Page MenuHomePhabricator

Add GROUP BY to commit query
ClosedPublic

Authored by epriestley on Apr 28 2014, 12:30 AM.
Tags
None
Referenced Files
F13179226: D8879.id.diff
Wed, May 8, 9:02 PM
F13176423: D8879.diff
Wed, May 8, 1:52 PM
Unknown Object (File)
Tue, May 7, 8:29 AM
Unknown Object (File)
Fri, May 3, 9:04 AM
Unknown Object (File)
Wed, Apr 24, 11:49 PM
Unknown Object (File)
Wed, Apr 24, 11:30 PM
Unknown Object (File)
Wed, Apr 24, 11:30 PM
Unknown Object (File)
Wed, Apr 24, 11:30 PM

Details

Summary

Ref T4715. Some minor stuff I caught locally while poking around:

  • Since we don't GROUP BY, we can still get duplicate commits. These get silently de-duplicated by loadAllFromArray() because that returns an array keyed by id, but we fetch too much data and this can cause us to execute too many queries to fill pages. Instead, GROUP BY if we joined the audit table.
  • After adding GROUP BY, getting the audit IDs out of the query is no longer reliable. Instead, query audits by the commit PHIDs. This is approximately equiavlent.
  • Since we always JOIN, we currently never return commits that don't have any audits. If we don't know that all results will have an audit, just LEFT JOIN.
  • Add some !== null to catch the withIDs(array()) issue that we hit with Khan Academy a little while ago.
Test Plan
  • Verified that "All Commits" shows commits with no audits of any kind.
  • Verified that the raw data comes out of the query without duplicates.

Diff Detail

Repository
rP Phabricator
Lint
Lint Skipped
Unit
Tests Skipped

Event Timeline

epriestley retitled this revision from to Minor tweaks to audit queries.
epriestley updated this object.
epriestley edited the test plan for this revision. (Show Details)
epriestley added a reviewer: btrahan.

I should have commented the duplicate row thing, as that was intentional. I felt clever even. :D

I think when you query *all* audits by commitPHID you over load audit data (potentially) based on what you query. Something like ConduitAPI_audit_query_Method would get wonky with this change I think.

Basically, once you start querying by audit data, I think you need to do it like it was before (to get accurate audit data) OR do it like it is now AND add some sort of audit filtering stuff to get the audits that match the audit specific query parameter. A third approach would be to make the change as you have it but see if callsites like the audit conduit method can be otherwise tweaked or their use cases served otherwise.

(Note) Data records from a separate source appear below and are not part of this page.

(* Let $q\in(0,\tfrac12)$ and let $T\sim U(1,2)$, $S\sim U(-1,0)$ be independent. Let $p_3^{PD}$ be the probability that $$P_{T,S}(x)=(T+S-1)x^3+\big(1-T-2S+q(S-1-T)\big)x^2+\big(S+q(T-S)\big)x$$ has exactly three distinct roots in $[0,1]$. Then $$p_3^{PD}=\frac{1}{1-2q}\,\mathrm{Area}(D\cap D_2),$$ where $D=\{(x,y)\in\mathbb{R}^2:\ -1<x<0,\ -\frac{x^2}{4q}-q<y<-q\}$ and $D_2$ is the open triangle with vertices $M=(-q,-(1-q))$, $N=\big(0,-\frac{1-2q}{1-q}\big)$, $O=(0,0)$, i.e. $D_2=\{(x,y):\ -q<x<0,\ \frac{qx-(1-2q)}{1-q}<y<\frac{(1-q)x}{q}\}$.
   Context: "Area" denotes two-dimensional Lebesgue measure. *)

theory Defs
  imports "HOL-Analysis.Analysis"
begin

definition PD_poly :: "real \<Rightarrow> real \<Rightarrow> real \<Rightarrow> real \<Rightarrow> real" where
  "PD_poly q t s x = (t + s - 1) * x ^ 3 + (1 - t - 2 * s + q * (s - 1 - t)) * x ^ 2
     + (s + q * (t - s)) * x"

text \<open>Event: P_{T,S} has exactly three distinct roots in [0,1]
  (card of an infinite set is 0, so the identically-zero case is excluded).\<close>
definition three_roots :: "real \<Rightarrow> real \<Rightarrow> real \<Rightarrow> bool" where
  "three_roots q t s \<longleftrightarrow> card {x \<in> {0..1}. PD_poly q t s x = 0} = 3"

text \<open>Joint law of independent T ~ U(1,2), S ~ U(-1,0): uniform on the rectangle.\<close>
definition TS_law :: "(real \<times> real) measure" where
  "TS_law = uniform_measure lborel ({1<..<2} \<times> {-1<..<0})"

definition p3PD :: "real \<Rightarrow> real" where
  "p3PD q = measure TS_law {(t, s). three_roots q t s}"

definition regD :: "real \<Rightarrow> (real \<times> real) set" where
  "regD q = {(x, y). -1 < x \<and> x < 0 \<and> - (x^2 / (4 * q)) - q < y \<and> y < - q}"

definition regD2 :: "real \<Rightarrow> (real \<times> real) set" where
  "regD2 q = {(x, y). -q < x \<and> x < 0 \<and> (q * x - (1 - 2 * q)) / (1 - q) < y
                        \<and> y < (1 - q) * x / q}"

end

theory Submission
  imports Defs "HOL-Library.Quadratic_Discriminant"
begin

text \<open>
  Since \<open>P\<^sub>T\<^sub>,\<^sub>S(x) = x Q(x)\<close> with \<open>Q(1) = -q < 0\<close>, the polynomial has three roots in \<open>[0,1]\<close>
  exactly when the quadratic \<open>Q\<close> has two distinct roots in \<open>(0,1)\<close>, a condition given by
  strict inequalities on the coefficients. In the affine coordinates
  \<open>x = (1-q)(T-1) + qS\<close>, \<open>y = q(T-1) + (1-q)S\<close> (of determinant \<open>1-2q\<close>) these inequalities
  become \<open>x < 0\<close>, \<open>y < -q\<close>, \<open>x\<^sup>2 + 4q(y+q) > 0\<close>, while the rectangle of \<open>(T,S)\<close> becomes a
  parallelogram whose part in the half plane \<open>x < 0\<close> is the triangle \<open>D\<^sub>2\<close>.
\<close>

subsection \<open>Lebesgue measure under affine maps of the plane\<close>

lemma emeasure_lborel_real_affine_vimage:
  fixes B :: "real set" and c t :: real
  assumes "c \<noteq> 0" "B \<in> sets borel"
  shows "emeasure lborel B = ennreal \<bar>c\<bar> * emeasure lborel ((\<lambda>x. t + c * x) -` B)"
proof -
  have "emeasure lborel B =
      emeasure (density (distr lborel borel (\<lambda>x. t + c * x)) (\<lambda>_. ennreal \<bar>c\<bar>)) B"
    using lborel_real_affine[OF assms(1), of t] by simp
  also have "\<dots> = ennreal \<bar>c\<bar> * emeasure (distr lborel borel (\<lambda>x. t + c * x)) B"
    using assms by (simp add: emeasure_density nn_integral_cmult_indicator)
  also have "\<dots> = ennreal \<bar>c\<bar> * emeasure lborel ((\<lambda>x. t + c * x) -` B)"
    using assms by (simp add: emeasure_distr)
  finally show ?thesis .
qed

Something like ConduitAPI_audit_query_Method would get wonky with this change I think.

Ah! Good point.

A third approach would be to make the change as you have it but see if callsites like the audit conduit method can be otherwise tweaked or their use cases served otherwise.

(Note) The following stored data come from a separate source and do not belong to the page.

(* Every sequential transduction belongs to $\mathsf{Lex}_1$.
   Context: A sequential transducer over alphabets $\Sigma,\Gamma$ is a deterministic finite automaton $A=(Q,q_0,F,\delta)$ over $\Sigma$ together with an output function $\mu:\mathrm{dom}(\delta)\to\Gamma^*$. The transduction it computes is defined exactly on $L(A)$, mapping $u$ to the concatenation of the outputs $\mu(q,\sigma)$ along the run of $A$ on $u$. A sequential transduction is one computed by a sequential transducer. Alphabets are finite. For words $u,v$ of equal length over alphabets $\Sigma_1,\Sigma_2$, $u\otimes v$ is the word over $\Sigma_1\times\Sigma_2$ with $(u\otimes v)[i]=(u[i],v[i])$. A transduction is a partial function $f:\Sigma^*\rightharpoonup\Gamma^*$. A simple transduction is a transduction $f=\sum_{i=1}^n L_i\triangleright w_i$, where $L_1,\dots,L_n\subseteq\Sigma^*$ are pairwise disjoint regular languages and each $w_i\in\Gamma^{\le 1}$ is a word of length at most 1. It satisfies $f(u)=w_i$ if $u\in L_i$, and $f(u)$ is undefined if $u\notin\bigcup_iL_i$. An ordered alphabet is a pair $\lambda=(B,\prec)$ with $B$ a finite set and $\prec$ a strict linear order on $B$. The order is extended to $B^n$ for each $n$ by: $u\prec v$ iff there is $i\le n$ with $u[i]\prec v[i]$ and $u[j]=v[j]$ for all $i<j\le n$ (most significant letter on the right). For a transduction $f:(\Sigma\times B)^*\rightharpoonup\Gamma^*$, the transduction $\mathsf{maplex}_\lambda f:\Sigma^*\rightharpoonup\Gamma^*$ maps $u$ to $f(u\otimes b_1)f(u\otimes b_2)\cdots f(u\otimes b_m)$, where $b_1\prec\cdots\prec b_m$ is the increasing enumeration of all of $B^{|u|}$. It is defined on $u$ iff every $f(u\otimes b_j)$ is defined. $\mathsf{Lex}_1$ is the class of transductions $\mathsf{maplex}_\lambda f$ with $\lambda=(B,\prec)$ an ordered alphabet and $f:(\Sigma\times B)^*\rightharpoonup\Gamma^*$ a simple transduction. *)

theory Defs
  imports Main
begin

definition seq_transducer ::
  "'q set \<Rightarrow> 'q \<Rightarrow> 'q set \<Rightarrow> ('q \<Rightarrow> 'a \<Rightarrow> 'q option) \<Rightarrow> bool" where
  "seq_transducer Q q0 F \<delta> \<longleftrightarrow>
     finite Q \<and> q0 \<in> Q \<and> F \<subseteq> Q \<and>
     (\<forall>q\<in>Q. \<forall>a q'. \<delta> q a = Some q' \<longrightarrow> q' \<in> Q)"

text \<open>The output function mu
  is only consulted on the domain of delta.\<close>

fun seq_run ::
  "('q \<Rightarrow> 'a \<Rightarrow> 'q option) \<Rightarrow> ('q \<Rightarrow> 'a \<Rightarrow> 'g list) \<Rightarrow> 'q \<Rightarrow> 'a list
     \<Rightarrow> ('q \<times> 'g list) option" where
  "seq_run \<delta> \<mu> q [] = Some (q, [])"
| "seq_run \<delta> \<mu> q (a # u) =
     (case \<delta> q a of
        None \<Rightarrow> None
      | Some q' \<Rightarrow> (case seq_run \<delta> \<mu> q' u of
                     None \<Rightarrow> None
                   | Some (p, w) \<Rightarrow> Some (p, \<mu> q a @ w)))"

definition seq_transduction ::
  "'q \<Rightarrow> 'q set \<Rightarrow> ('q \<Rightarrow> 'a \<Rightarrow> 'q option) \<Rightarrow> ('q \<Rightarrow> 'a \<Rightarrow> 'g list)
     \<Rightarrow> 'a list \<Rightarrow> 'g list option" where
  "seq_transduction q0 F \<delta> \<mu> u =
     (case seq_run \<delta> \<mu> q0 u of
        None \<Rightarrow> None
      | Some (p, w) \<Rightarrow> (if p \<in> F then Some w else None))"

definition regular_on :: "'c set \<Rightarrow> 'c list set \<Rightarrow> bool" where
  "regular_on A L \<longleftrightarrow>
     (\<exists>(Q::nat set) q0 F (\<delta>::nat \<Rightarrow> 'c \<Rightarrow> nat).
        finite Q \<and> q0 \<in> Q \<and> F \<subseteq> Q \<and>
        (\<forall>q\<in>Q. \<forall>c\<in>A. \<delta> q c \<in> Q) \<and>
        L = {u \<in> lists A. fold (\<lambda>c q. \<delta> q c) u q0 \<in> F})"

text \<open>A simple transduction over input alphabet A: f = sum of L_i |> w_i,
  with pairwise disjoint regular L_i over A and |w_i| <= 1.\<close>

definition simple_transduction :: "'c set \<Rightarrow> ('c list \<Rightarrow> 'g list option) \<Rightarrow> bool" where
  "simple_transduction A f \<longleftrightarrow>
     (\<exists>(n::nat) (L :: nat \<Rightarrow> 'c list set) (w :: nat \<Rightarrow> 'g list).
        (\<forall>i<n. regular_on A (L i)) \<and>
        (\<forall>i<n. \<forall>j<n. i \<noteq> j \<longrightarrow> L i \<inter> L j = {}) \<and>
        (\<forall>i<n. length (w i) \<le> 1) \<and>
        (\<forall>i<n. \<forall>u\<in>L i. f u = Some (w i)) \<and>
        (\<forall>u. (\<forall>i<n. u \<notin> L i) \<longrightarrow> f u = None))"

definition ordered_alphabet :: "nat set \<Rightarrow> (nat \<times> nat) set \<Rightarrow> bool" where
  "ordered_alphabet B R \<longleftrightarrow> finite B \<and> R \<subseteq> B \<times> B \<and> strict_linear_order_on B R"

text \<open>Extension of the order to B^n, most significant letter on the right.\<close>

definition lex_right :: "('b \<times> 'b) set \<Rightarrow> 'b list \<Rightarrow> 'b list \<Rightarrow> bool" where
  "lex_right R u v \<longleftrightarrow> length u = length v \<and>
     (\<exists>i<length u. (u ! i, v ! i) \<in> R \<and>
        (\<forall>j. i < j \<and> j < length u \<longrightarrow> u ! j = v ! j))"

definition words_of_length :: "'b set \<Rightarrow> nat \<Rightarrow> 'b list set" where
  "words_of_length B n = {b. length b = n \<and> set b \<subseteq> B}"

definition lex_enum :: "'b set \<Rightarrow> ('b \<times> 'b) set \<Rightarrow> nat \<Rightarrow> 'b list list" where
  "lex_enum B R n =
     (THE bs. sorted_wrt (lex_right R) bs \<and> set bs = words_of_length B n)"

definition maplex ::
  "'b set \<Rightarrow> ('b \<times> 'b) set \<Rightarrow> (('a \<times> 'b) list \<Rightarrow> 'g list option)
     \<Rightarrow> 'a list \<Rightarrow> 'g list option" where
  "maplex B R f u =
     (let rs = map (\<lambda>b. f (zip u b)) (lex_enum B R (length u))
      in if None \<in> set rs then None else Some (concat (map the rs)))"

definition Lex1 :: "('a list \<Rightarrow> 'g list option) set" where
  "Lex1 = {g. \<exists>(B::nat set) R (f :: ('a \<times> nat) list \<Rightarrow> 'g list option).
              ordered_alphabet B R \<and>
              simple_transduction (UNIV \<times> B) f \<and>
              g = maplex B R f}"

end

theory Submission
  imports Defs
begin

text \<open>Let K bound the lengths of the outputs \<open>\<mu> q a\<close> and take the digits 0 < 1 < ... < K
  as ordered alphabet. Among the words b of length |u|, those with a single nonzero digit k,
  at position i, are enumerated by maplex in the order of (i, k) with i most significant.
  Let f(u \<otimes> b) be the k-th letter of the output emitted at step i of the run on u, or the
  empty word if there is no such letter or b has several nonzero digits; f is defined
  exactly when the run accepts. Then maplex f concatenates the outputs of all steps in
  order, which is the output of the transducer. And f is simple, since a finite automaton
  reading u \<otimes> b can run the transducer alongside the digits.\<close>

lemma concat_map_concat: "concat (map f (concat xss)) = concat (map (\<lambda>xs. concat (map f xs)) xss)"
  by (induction xss) auto

lemma concat_map_take_drop: "concat (map (\<lambda>i. take 1 (drop i xs)) [0..<n]) = take n xs"
proof (induction n)
  case (Suc n)
  have "take (Suc n) xs = take n xs @ take 1 (drop n xs)"
    using take_add[of n 1 xs] by simp
  then show ?case using Suc.IH by simp
qed simp

lemma concat_map_if_eq:
  assumes "distinct xs" "r \<in> set xs"
  shows "concat (map (\<lambda>x. if x = r then ys else []) xs) = ys"
  using assms by (induction xs) auto

lemma sorted_wrt_concat_map:
  assumes "\<And>k. k \<in> set ks \<Longrightarrow> sorted_wrt P (g k)"
    and "sorted_wrt Q ks"
    and "\<And>k l x y. Q k l \<Longrightarrow> x \<in> set (g k) \<Longrightarrow> y \<in> set (g l) \<Longrightarrow> P x y"
  shows "sorted_wrt P (concat (map g ks))"
  using assms by (induction ks) (auto simp: sorted_wrt_append)

lemma sorted_wrt_asymp_unique:
  assumes "asymp P" "sorted_wrt P xs" "sorted_wrt P ys" "set xs = set ys"
  shows "xs = ys"
  using assms(2-4)
proof (induction xs arbitrary: ys)
  case Nil
  then show ?case by simp
next
  case (Cons x xs)
  then obtain y ys' where ys: "ys = y # ys'" by (cases ys) auto
  have x_min: "P x z" if "z \<in> set xs" for z using Cons.prems(1) that by simp
  have y_min: "P y z" if "z \<in> set ys'" for z using Cons.prems(2) ys that by simp
  have "x = y"
  proof (rule ccontr)
    assume "x \<noteq> y"
    then have "x \<in> set ys'" "y \<in> set xs" using Cons.prems(3) ys by auto
    then show False using x_min y_min asympD[OF assms(1)] by blast
  qed
  moreover have "x \<notin> set xs" "y \<notin> set ys'"
    using x_min y_min asympD[OF assms(1)] by blast+
  ultimately have "set xs = set ys'" using Cons.prems(3) ys by auto
  then have "xs = ys'" using Cons.IH Cons.prems(1,2) ys by simp
  then show ?case using ys \<open>x = y\<close> by simp
qed

lemma fold_closed:
  assumes "\<forall>s\<in>S. \<forall>c\<in>A. step c s \<in> S" "s \<in> S" "x \<in> lists A"
  shows "fold step x s \<in> S"
  using assms(2,3) by (induction x arbitrary: s) (auto simp: assms(1))

lemma regular_on_fold:
  fixes S :: "'s set"
  assumes fin: "finite S" and s0: "s0 \<in> S" and closed: "\<forall>s\<in>S. \<forall>c\<in>A. step c s \<in> S"
  shows "regular_on A {x \<in> lists A. fold step x s0 \<in> Acc}"
proof -
  obtain h :: "'s \<Rightarrow> nat" and m where h: "h ` S = {i. i < m}" "inj_on h S"
    using finite_imp_inj_to_nat_seg[OF fin] by blast
  define d where "d i c = h (step c (inv_into S h i))" for i c
  have fold_h: "fold (\<lambda>c i. d i c) x (h s) = h (fold step x s)" if "s \<in> S" "x \<in> lists A" for x s
    using that by (induction x arbitrary: s) (auto simp: d_def h(2) closed)
  show ?thesis unfolding regular_on_def
  proof (intro exI conjI)
    show "finite (h ` S)" "h s0 \<in> h ` S" "h ` (S \<inter> Acc) \<subseteq> h ` S"
      using fin s0 by auto
    show "\<forall>i\<in>h ` S. \<forall>c\<in>A. d i c \<in> h ` S"
      using closed h(2) by (auto simp: d_def)
    show "{x \<in> lists A. fold step x s0 \<in> Acc} =
        {x \<in> lists A. fold (\<lambda>c i. d i c) x (h s0) \<in> h ` (S \<inter> Acc)}"
    proof (intro Collect_cong conj_cong refl)
      fix x assume "x \<in> lists A"
      then show "fold step x s0 \<in> Acc \<longleftrightarrow> fold (\<lambda>c i. d i c) x (h s0) \<in> h ` (S \<inter> Acc)"
        using fold_h[OF s0] fold_closed[OF closed s0] h(2) by (auto simp: inj_on_def)
    qed
  qed
qed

I think this is the right approach -- do you remember anything other than audit.query offhand? I can poke around.

For audit.query itself, we don't have any audit.query callsites in the codebase and I don't remember why we have the call at all. I can't think of anything you'd want to do with it that wouldn't be better served by exposing these filters on diffusion.querycommits, but can do a bit of digging.

I'm going to split this into the LEFT JOIN/JOIN and GROUP BY changes separately, since the LEFT JOIN doesn't cause issues and fixes T4911.

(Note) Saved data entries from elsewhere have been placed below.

(* Let $L$ be a list of sets, $F_t$, $F_c$, $F'$ families, $w$ a function from elements to $\mathbb{N}$ and $X$ a set. Suppose (i) $\mathrm{ssn\_aux}(L,F_t,F_c,w,X)=\mathrm{false}$; (ii) $\mathrm{ss}(A,w,X)<0$ for every entry $A$ of $L$; (iii) every $A\in F'\setminus F_t$ with $\mathrm{ss}(A,w,X)<0$ is an entry of $L$; (iv) $F_t\subseteq F'$; (v) $F'$ is union closed for $F_c$. Then $\mathrm{fs}(F',w,X)\ge 0$.
   Context: All sets and families are finite. A family $F$ is union closed if $A\cup B\in F$ for all $A,B\in F$; it is union closed for $F_c$ if it is union closed and $A\cup B\in F$ for all $A\in F$, $B\in F_c$. $\mathrm{sw}(w,A)=\sum_{a\in A}w(a)$; $\mathrm{ss}(A,w,X)=2\,\mathrm{sw}(w,A)-\mathrm{sw}(w,X)\in\mathbb{Z}$; $\mathrm{fs}(F,w,X)=\sum_{A\in F}\mathrm{ss}(A,w,X)$. For a family $G$ and a set $h$, $\mathrm{ica}_{G}(h,F) = F\cup\{h\}\cup\{h\cup B: B\in F\}\cup\{h\cup B: B\in G\}$. The function $\mathrm{ssn\_aux}(L,F_t,G,w,X)$ (boolean valued) is defined by recursion on the list $L$: $\mathrm{ssn\_aux}([\,],F_t,G,w,X) = (\mathrm{fs}(F_t,w,X)<0)$; and for $L = h\#t$: if $\mathrm{fs}(F_t,w,X)+\sum_{A \in h\#t}\mathrm{ss}(A,w,X)\ge 0$ (sum over list entries) then false; else if $\mathrm{ssn\_aux}(t,F_t,G,w,X)$ then true; else if $h\in F_t$ then false; else $\mathrm{ssn\_aux}(t,\mathrm{ica}_G(h,F_t),G,w,X)$. *)

theory Defs
  imports Main
begin

definition union_closed :: "'a set set \<Rightarrow> bool" where
  "union_closed F \<longleftrightarrow> (\<forall>A\<in>F. \<forall>B\<in>F. A \<union> B \<in> F)"

definition union_closed_for :: "'a set set \<Rightarrow> 'a set set \<Rightarrow> bool" where
  "union_closed_for F Fc \<longleftrightarrow> union_closed F \<and> (\<forall>A\<in>F. \<forall>B\<in>Fc. A \<union> B \<in> F)"

definition sw :: "('a \<Rightarrow> nat) \<Rightarrow> 'a set \<Rightarrow> nat" where
  "sw w A = (\<Sum>a\<in>A. w a)"

definition ss :: "'a set \<Rightarrow> ('a \<Rightarrow> nat) \<Rightarrow> 'a set \<Rightarrow> int" where
  "ss A w X = 2 * int (sw w A) - int (sw w X)"

definition fs :: "'a set set \<Rightarrow> ('a \<Rightarrow> nat) \<Rightarrow> 'a set \<Rightarrow> int" where
  "fs F w X = (\<Sum>A\<in>F. ss A w X)"

definition ica :: "'a set set \<Rightarrow> 'a set \<Rightarrow> 'a set set \<Rightarrow> 'a set set" where
  "ica G h F = F \<union> {h} \<union> {h \<union> B | B. B \<in> F} \<union> {h \<union> B | B. B \<in> G}"

fun ssn_aux :: "'a set list \<Rightarrow> 'a set set \<Rightarrow> 'a set set \<Rightarrow> ('a \<Rightarrow> nat) \<Rightarrow> 'a set \<Rightarrow> bool" where
  "ssn_aux [] Ft G w X = (fs Ft w X < 0)"
| "ssn_aux (h # t) Ft G w X =
     (if fs Ft w X + (\<Sum>A\<leftarrow>h # t. ss A w X) \<ge> 0 then False
      else if ssn_aux t Ft G w X then True
      else if h \<in> Ft then False
      else ssn_aux t (ica G h Ft) G w X)"

end

theory Submission
  imports Defs
begin

text \<open>Since the entries of \<open>L\<close> cover the negative members of \<open>F' - Ft\<close> and are themselves
  negative, \<open>fs F' \<ge> fs Ft + \<Sum>L\<close>. The proof is an induction on \<open>L\<close> along the recursion of
  \<open>ssn_aux\<close>: either this lower bound is already nonnegative, or the head \<open>h\<close> is dropped, which
  is harmless unless \<open>h \<in> F' - Ft\<close>, and in that case \<open>Ft\<close> grows to \<open>ica Fc h Ft\<close>, which contains
  \<open>h\<close> and, by union closedness, still lies inside \<open>F'\<close>.\<close>

lemma sum_list_le_sum_set_nonpos:
  fixes f :: "'b \<Rightarrow> 'c::ordered_comm_monoid_add"
  assumes "\<forall>x\<in>set xs. f x \<le> 0"
  shows "sum_list (map f xs) \<le> sum f (set xs)"
  using assms
proof (induction xs)
  case Nil
  then show ?case by simp
next
  case (Cons x xs)
  then have IH: "sum_list (map f xs) \<le> sum f (set xs)" and "f x \<le> 0" by simp_all
  show ?case
  proof (cases "x \<in> set xs")
    case True
    with add_mono[OF \<open>f x \<le> 0\<close> IH] show ?thesis by (simp add: insert_absorb)
  next
    case False
    with IH show ?thesis by (simp add: add_left_mono)
  qed
qed

lemma sum_ge_sum_subset_plus_sum_list:
  fixes f :: "'b \<Rightarrow> 'c::linordered_ab_group_add"
  assumes "finite F" and "E \<subseteq> F"
    and neg: "\<forall>A\<in>set L. f A \<le> 0"
    and covered: "\<forall>A\<in>F - E. f A < 0 \<longrightarrow> A \<in> set L"
  shows "sum f E + sum_list (map f L) \<le> sum f F"
proof -
  define S where "S = {A \<in> F - E. f A < 0}"
  have "S \<subseteq> set L" using covered by (auto simp: S_def)
  have "sum_list (map f L) \<le> sum f (set L)"
    using neg by (rule sum_list_le_sum_set_nonpos)
  also have "\<dots> = sum f S + sum f (set L - S)"
    using sum.subset_diff[OF \<open>S \<subseteq> set L\<close>] by (simp add: add.commute)
  also have "\<dots> \<le> sum f S"
    using add_left_mono[OF sum_nonpos[of "set L - S" f], of "sum f S"] neg by auto
  also have "\<dots> \<le> sum f (F - E)"
    using \<open>finite F\<close> by (intro sum_mono2) (auto simp: S_def)
  finally have "sum_list (map f L) \<le> sum f (F - E)" .
  then show ?thesis
    using sum.subset_diff[OF \<open>E \<subseteq> F\<close> \<open>finite F\<close>] by (metis add.commute add_left_mono)
qed

lemma ica_subset:
  assumes "union_closed_for F G" and "E \<subseteq> F" and "h \<in> F"
  shows "ica G h E \<subseteq> F"
  using assms unfolding ica_def union_closed_for_def union_closed_def by blast

lemma fs_nonneg_if_not_ssn_aux:
  assumes "finite F'"
    and "\<not> ssn_aux L Ft Fc w X"
    and "\<forall>A\<in>set L. ss A w X < 0"
    and "\<forall>A\<in>F' - Ft. ss A w X < 0 \<longrightarrow> A \<in> set L"
    and "Ft \<subseteq> F'"
    and "union_closed_for F' Fc"
  shows "fs F' w X \<ge> 0"
proof -
  have fs_lower_bound: "fs Ft w X + (\<Sum>A\<leftarrow>L. ss A w X) \<le> fs F' w X"
    if "\<forall>A\<in>set L. ss A w X < 0" and "\<forall>A\<in>F' - Ft. ss A w X < 0 \<longrightarrow> A \<in> set L"
      and "Ft \<subseteq> F'" for L Ft
    unfolding fs_def using \<open>finite F'\<close> that
    by (intro sum_ge_sum_subset_plus_sum_list) auto
  show ?thesis
    using assms(2-5)
  proof (induction L arbitrary: Ft)
    case Nil
    with fs_lower_bound[of "[]" Ft] show ?case by simp
  next
    case (Cons h t)
    show ?case
    proof (cases "fs Ft w X + (\<Sum>A\<leftarrow>h # t. ss A w X) \<ge> 0")
      case True
      with fs_lower_bound[of "h # t" Ft] Cons.prems(2-4) show ?thesis by simp
    next
      case False
      with Cons.prems(1) have not_t: "\<not> ssn_aux t Ft Fc w X"
        and not_ica: "h \<notin> Ft \<Longrightarrow> \<not> ssn_aux t (ica Fc h Ft) Fc w X"
        by (auto split: if_splits)
      show ?thesis
      proof (cases "h \<in> F' - Ft")
        case True
        have "ica Fc h Ft \<subseteq> F'"
          using assms(6) Cons.prems(4) True by (intro ica_subset) auto
        moreover have "\<forall>A\<in>F' - ica Fc h Ft. ss A w X < 0 \<longrightarrow> A \<in> set t"
          using Cons.prems(3) unfolding ica_def by auto
        ultimately show ?thesis
          using Cons.IH not_ica True Cons.prems(2) by simp
      next
        case False
        then have "\<forall>A\<in>F' - Ft. ss A w X < 0 \<longrightarrow> A \<in> set t"
          using Cons.prems(3) by auto
        then show ?thesis
          using Cons.IH not_t Cons.prems(2,4) by simp
      qed
    qed
  qed
qed

theorem lemma5:
  fixes L :: "'a set list" and Ft Fc F' :: "'a set set"
    and w :: "'a \<Rightarrow> nat" and X :: "'a set"
  assumes "finite F'" and "\<forall>A\<in>F'. finite A" and "finite X"
    and "finite Fc" and "\<forall>A\<in>Fc. finite A" and "\<forall>A\<in>set L. finite A"
    and "\<not> ssn_aux L Ft Fc w X"
    and "\<forall>A\<in>set L. ss A w X < 0"
    and "\<forall>A\<in>F' - Ft. ss A w X < 0 \<longrightarrow> A \<in> set L"
    and "Ft \<subseteq> F'"
    and "union_closed_for F' Fc"
  shows "fs F' w X \<ge> 0"
  using fs_nonneg_if_not_ssn_aux[OF assms(1,7-11)] .

end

audit.query and bin/audit are the two I remember off hand.

(bin/audit tries lets you delete audits by ID. this would return some N audits right now, with 1 of the N having the right ID and the other N-1 just happening to be on the same commit as the one with the right ID.)

epriestley retitled this revision from Minor tweaks to audit queries to Add GROUP BY to commit query.
epriestley edited edge metadata.

Fixes T5433.

  • Use GROUP BY.
  • I grepped for all the getAudits() callsites, and only audit.query and bin/audit delete used them in a way that expected a subset to be returned.
  • In both cases, I just manually filtered results in the caller. (We can probably deprecate audit.query, maybe.)

Test plan:

  • Paged through commits with multiple audits.
  • Used audit.query with various parameters.
  • Used bin/audit delete with various arguments.
src/applications/audit/management/PhabricatorAuditManagementDeleteWorkflow.php
112–124

This fixed an existing bug -- we were iterating over $audits, but should have iterated over $curr_audits. Mostly, this just made the script take a really long time to run.

btrahan edited edge metadata.
This revision is now accepted and ready to land.Jul 10 2014, 4:55 PM
epriestley updated this revision to Diff 23703.

Closed by commit rP16648c28bcd7 (authored by @epriestley).